*TASK OBJECTIVE*.
For the records that follow, give the number of lines containing the word "forall", with no added text.

*DATASET RECORDS*.
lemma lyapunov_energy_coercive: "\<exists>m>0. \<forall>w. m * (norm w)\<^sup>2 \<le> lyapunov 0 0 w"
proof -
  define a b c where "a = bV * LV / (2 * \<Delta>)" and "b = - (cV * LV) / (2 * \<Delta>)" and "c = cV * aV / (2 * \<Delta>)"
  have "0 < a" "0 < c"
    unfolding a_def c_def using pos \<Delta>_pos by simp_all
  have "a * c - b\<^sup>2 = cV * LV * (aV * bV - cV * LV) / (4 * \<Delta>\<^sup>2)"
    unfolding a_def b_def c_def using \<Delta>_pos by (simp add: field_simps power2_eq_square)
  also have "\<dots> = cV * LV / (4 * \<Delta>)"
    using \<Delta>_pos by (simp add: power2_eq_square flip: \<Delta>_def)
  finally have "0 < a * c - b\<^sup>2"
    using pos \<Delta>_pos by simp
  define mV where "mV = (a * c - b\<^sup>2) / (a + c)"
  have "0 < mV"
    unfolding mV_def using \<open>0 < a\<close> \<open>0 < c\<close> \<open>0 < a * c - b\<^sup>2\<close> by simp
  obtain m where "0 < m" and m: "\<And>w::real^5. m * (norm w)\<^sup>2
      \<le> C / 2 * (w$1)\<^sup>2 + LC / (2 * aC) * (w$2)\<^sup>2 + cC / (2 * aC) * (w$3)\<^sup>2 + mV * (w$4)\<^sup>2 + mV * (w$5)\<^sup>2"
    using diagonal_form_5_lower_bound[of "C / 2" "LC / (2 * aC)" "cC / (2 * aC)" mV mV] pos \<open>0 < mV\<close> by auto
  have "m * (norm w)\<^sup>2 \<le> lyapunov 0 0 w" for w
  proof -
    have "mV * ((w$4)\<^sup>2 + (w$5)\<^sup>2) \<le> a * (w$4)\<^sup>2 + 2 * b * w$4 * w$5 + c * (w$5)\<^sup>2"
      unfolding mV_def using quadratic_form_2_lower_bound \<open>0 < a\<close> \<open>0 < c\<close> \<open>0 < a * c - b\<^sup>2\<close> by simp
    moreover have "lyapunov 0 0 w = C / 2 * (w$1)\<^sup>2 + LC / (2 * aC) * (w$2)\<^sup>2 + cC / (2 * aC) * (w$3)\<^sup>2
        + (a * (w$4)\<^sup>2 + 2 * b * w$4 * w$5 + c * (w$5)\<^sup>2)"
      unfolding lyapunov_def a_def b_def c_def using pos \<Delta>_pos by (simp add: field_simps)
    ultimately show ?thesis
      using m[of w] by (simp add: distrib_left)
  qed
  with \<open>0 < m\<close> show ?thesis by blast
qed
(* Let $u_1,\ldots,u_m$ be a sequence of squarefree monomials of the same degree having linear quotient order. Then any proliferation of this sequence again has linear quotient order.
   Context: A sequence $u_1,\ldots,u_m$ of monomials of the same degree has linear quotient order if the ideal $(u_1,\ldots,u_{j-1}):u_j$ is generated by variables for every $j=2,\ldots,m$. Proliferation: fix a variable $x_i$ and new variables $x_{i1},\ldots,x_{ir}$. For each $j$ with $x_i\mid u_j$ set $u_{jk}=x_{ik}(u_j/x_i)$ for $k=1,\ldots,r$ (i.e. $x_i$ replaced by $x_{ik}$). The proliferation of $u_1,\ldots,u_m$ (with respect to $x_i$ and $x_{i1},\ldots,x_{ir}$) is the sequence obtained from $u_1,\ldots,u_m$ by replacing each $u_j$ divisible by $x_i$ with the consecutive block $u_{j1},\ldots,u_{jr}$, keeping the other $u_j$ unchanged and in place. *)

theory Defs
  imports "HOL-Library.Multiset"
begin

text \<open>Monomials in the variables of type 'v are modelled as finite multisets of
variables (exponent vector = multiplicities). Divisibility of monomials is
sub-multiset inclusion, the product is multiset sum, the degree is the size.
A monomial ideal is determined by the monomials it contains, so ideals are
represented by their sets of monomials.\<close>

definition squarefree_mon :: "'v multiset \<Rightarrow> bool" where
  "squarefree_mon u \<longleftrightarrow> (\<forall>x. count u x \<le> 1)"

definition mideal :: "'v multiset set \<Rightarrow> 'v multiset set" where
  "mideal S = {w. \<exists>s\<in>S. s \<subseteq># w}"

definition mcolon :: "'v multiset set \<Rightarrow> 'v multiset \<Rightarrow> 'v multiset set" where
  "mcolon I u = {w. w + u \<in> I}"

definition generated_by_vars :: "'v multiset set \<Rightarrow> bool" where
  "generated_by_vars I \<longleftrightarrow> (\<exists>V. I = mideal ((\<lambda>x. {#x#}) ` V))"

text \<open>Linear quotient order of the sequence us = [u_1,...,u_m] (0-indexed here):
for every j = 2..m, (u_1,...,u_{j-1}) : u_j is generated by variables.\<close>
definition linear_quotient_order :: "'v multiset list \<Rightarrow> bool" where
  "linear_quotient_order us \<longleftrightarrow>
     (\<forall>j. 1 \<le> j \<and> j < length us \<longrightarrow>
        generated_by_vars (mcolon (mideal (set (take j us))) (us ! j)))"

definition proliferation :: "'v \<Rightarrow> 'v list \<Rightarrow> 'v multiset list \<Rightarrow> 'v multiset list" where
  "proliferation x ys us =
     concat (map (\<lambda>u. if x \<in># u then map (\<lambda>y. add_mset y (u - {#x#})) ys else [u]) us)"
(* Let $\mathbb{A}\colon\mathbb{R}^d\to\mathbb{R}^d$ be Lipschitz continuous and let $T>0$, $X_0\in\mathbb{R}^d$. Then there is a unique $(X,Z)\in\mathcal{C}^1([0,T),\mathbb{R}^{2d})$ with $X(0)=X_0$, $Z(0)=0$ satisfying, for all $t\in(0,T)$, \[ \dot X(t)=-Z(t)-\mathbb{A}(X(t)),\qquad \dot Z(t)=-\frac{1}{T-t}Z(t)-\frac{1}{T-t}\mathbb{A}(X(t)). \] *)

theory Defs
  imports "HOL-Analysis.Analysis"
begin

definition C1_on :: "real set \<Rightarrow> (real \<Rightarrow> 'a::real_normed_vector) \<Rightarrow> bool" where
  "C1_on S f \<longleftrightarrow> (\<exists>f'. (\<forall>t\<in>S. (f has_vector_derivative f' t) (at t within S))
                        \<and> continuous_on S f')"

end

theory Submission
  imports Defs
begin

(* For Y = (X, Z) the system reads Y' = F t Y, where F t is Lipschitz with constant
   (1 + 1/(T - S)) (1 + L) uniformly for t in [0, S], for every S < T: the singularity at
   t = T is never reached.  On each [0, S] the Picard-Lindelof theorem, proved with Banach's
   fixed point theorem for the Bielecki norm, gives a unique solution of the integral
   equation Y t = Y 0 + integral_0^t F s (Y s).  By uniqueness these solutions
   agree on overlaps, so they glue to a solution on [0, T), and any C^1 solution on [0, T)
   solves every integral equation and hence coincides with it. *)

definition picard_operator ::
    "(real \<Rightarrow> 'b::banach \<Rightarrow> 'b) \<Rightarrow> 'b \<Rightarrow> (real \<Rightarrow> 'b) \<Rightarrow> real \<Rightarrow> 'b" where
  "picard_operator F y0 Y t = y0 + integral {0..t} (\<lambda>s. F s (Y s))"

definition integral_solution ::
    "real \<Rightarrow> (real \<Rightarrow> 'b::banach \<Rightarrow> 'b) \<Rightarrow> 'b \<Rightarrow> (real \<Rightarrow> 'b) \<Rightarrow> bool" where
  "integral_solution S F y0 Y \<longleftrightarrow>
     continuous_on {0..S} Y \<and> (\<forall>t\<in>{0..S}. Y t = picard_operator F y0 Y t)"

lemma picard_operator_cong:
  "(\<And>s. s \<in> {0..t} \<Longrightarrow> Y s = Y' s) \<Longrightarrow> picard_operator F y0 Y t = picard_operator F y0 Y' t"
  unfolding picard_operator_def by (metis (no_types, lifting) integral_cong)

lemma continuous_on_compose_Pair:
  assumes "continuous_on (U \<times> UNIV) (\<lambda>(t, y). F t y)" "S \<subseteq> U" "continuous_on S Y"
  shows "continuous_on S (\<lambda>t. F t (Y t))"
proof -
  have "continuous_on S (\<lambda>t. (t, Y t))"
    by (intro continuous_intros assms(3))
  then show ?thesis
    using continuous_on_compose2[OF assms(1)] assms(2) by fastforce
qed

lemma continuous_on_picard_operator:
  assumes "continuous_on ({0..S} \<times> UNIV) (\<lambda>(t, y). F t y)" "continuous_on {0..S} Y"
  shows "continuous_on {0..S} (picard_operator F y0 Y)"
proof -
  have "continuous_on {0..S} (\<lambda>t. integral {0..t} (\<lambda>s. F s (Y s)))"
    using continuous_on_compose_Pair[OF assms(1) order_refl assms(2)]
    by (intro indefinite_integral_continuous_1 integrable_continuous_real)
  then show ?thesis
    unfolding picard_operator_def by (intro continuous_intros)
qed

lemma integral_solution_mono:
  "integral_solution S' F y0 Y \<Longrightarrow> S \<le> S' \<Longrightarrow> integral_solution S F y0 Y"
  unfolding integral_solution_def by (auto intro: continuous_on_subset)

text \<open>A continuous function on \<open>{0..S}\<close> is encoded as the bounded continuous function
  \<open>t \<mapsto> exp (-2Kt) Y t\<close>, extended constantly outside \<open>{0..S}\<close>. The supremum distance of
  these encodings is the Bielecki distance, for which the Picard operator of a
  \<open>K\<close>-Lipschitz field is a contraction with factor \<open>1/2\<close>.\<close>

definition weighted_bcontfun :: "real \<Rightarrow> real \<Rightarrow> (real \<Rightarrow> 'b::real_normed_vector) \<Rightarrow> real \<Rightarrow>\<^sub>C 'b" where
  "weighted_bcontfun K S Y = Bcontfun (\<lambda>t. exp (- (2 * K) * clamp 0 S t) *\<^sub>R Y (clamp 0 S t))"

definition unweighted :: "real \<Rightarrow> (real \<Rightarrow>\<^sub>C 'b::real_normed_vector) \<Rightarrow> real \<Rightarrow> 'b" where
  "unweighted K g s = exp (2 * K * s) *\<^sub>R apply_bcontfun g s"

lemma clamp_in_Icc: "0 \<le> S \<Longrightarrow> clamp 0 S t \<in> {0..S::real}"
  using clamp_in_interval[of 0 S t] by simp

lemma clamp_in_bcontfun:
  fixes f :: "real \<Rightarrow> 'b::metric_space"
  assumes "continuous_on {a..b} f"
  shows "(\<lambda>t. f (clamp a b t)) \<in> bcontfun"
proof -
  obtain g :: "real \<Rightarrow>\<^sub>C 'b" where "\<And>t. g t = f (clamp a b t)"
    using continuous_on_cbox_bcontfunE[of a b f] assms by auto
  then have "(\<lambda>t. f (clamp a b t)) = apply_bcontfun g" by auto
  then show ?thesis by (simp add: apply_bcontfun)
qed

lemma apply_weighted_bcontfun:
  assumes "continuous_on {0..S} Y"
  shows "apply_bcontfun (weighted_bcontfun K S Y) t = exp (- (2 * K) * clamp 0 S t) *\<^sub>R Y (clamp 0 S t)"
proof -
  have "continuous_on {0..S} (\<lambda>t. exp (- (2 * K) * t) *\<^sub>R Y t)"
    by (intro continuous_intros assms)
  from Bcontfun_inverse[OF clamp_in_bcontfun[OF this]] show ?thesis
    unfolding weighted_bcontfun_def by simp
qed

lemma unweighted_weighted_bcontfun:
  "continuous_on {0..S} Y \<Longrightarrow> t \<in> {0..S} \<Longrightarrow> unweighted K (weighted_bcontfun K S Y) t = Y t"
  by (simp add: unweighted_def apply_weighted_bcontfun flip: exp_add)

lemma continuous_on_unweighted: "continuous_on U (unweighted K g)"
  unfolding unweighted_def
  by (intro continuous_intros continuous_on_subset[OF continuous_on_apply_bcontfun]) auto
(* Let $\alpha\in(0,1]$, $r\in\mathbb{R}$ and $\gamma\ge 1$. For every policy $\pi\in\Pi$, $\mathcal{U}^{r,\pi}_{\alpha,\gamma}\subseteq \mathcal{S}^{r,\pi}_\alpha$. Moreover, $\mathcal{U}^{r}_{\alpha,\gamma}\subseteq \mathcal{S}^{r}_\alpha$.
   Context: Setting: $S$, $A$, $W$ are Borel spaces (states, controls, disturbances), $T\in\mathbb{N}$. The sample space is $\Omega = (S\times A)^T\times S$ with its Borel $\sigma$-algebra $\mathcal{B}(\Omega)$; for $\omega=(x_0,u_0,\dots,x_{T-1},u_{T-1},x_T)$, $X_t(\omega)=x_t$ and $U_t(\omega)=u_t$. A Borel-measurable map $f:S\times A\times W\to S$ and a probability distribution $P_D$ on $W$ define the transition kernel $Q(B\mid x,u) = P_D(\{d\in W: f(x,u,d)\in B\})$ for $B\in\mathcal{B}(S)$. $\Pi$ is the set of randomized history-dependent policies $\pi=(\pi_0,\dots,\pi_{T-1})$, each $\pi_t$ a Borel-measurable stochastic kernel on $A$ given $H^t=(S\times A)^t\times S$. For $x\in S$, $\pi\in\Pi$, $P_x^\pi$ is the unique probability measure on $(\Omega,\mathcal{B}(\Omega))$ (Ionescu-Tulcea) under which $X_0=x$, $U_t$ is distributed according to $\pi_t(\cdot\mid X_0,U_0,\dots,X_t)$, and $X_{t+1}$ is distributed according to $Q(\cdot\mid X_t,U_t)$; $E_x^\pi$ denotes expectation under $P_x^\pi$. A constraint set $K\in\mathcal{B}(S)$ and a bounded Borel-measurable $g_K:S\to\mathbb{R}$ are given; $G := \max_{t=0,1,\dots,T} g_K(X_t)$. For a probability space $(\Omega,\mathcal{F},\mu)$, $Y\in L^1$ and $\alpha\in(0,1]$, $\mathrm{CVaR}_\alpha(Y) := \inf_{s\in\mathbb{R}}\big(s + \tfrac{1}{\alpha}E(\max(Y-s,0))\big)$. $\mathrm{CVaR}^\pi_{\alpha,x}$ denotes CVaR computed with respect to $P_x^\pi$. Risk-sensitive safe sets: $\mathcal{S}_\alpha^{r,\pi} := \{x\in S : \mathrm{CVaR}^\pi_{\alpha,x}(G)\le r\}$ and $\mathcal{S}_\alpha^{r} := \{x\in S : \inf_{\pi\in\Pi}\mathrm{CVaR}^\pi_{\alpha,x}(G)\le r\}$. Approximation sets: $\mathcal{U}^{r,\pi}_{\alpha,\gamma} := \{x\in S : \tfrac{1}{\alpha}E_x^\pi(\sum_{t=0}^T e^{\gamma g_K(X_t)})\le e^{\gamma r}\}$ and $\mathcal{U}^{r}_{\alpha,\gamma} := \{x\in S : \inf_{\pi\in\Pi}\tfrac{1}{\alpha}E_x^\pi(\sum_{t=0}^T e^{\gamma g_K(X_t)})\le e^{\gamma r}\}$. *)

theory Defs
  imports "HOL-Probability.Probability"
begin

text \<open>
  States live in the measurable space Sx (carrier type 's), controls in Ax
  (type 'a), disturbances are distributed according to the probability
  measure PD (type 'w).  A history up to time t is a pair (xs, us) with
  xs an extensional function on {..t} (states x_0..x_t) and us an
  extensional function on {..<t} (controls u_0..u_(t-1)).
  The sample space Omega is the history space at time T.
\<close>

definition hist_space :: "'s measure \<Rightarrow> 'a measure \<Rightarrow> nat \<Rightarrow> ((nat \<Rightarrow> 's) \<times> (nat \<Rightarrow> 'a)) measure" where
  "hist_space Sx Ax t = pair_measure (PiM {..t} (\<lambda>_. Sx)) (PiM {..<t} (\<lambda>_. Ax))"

*OUTPUT FOR THIS TASK*.
5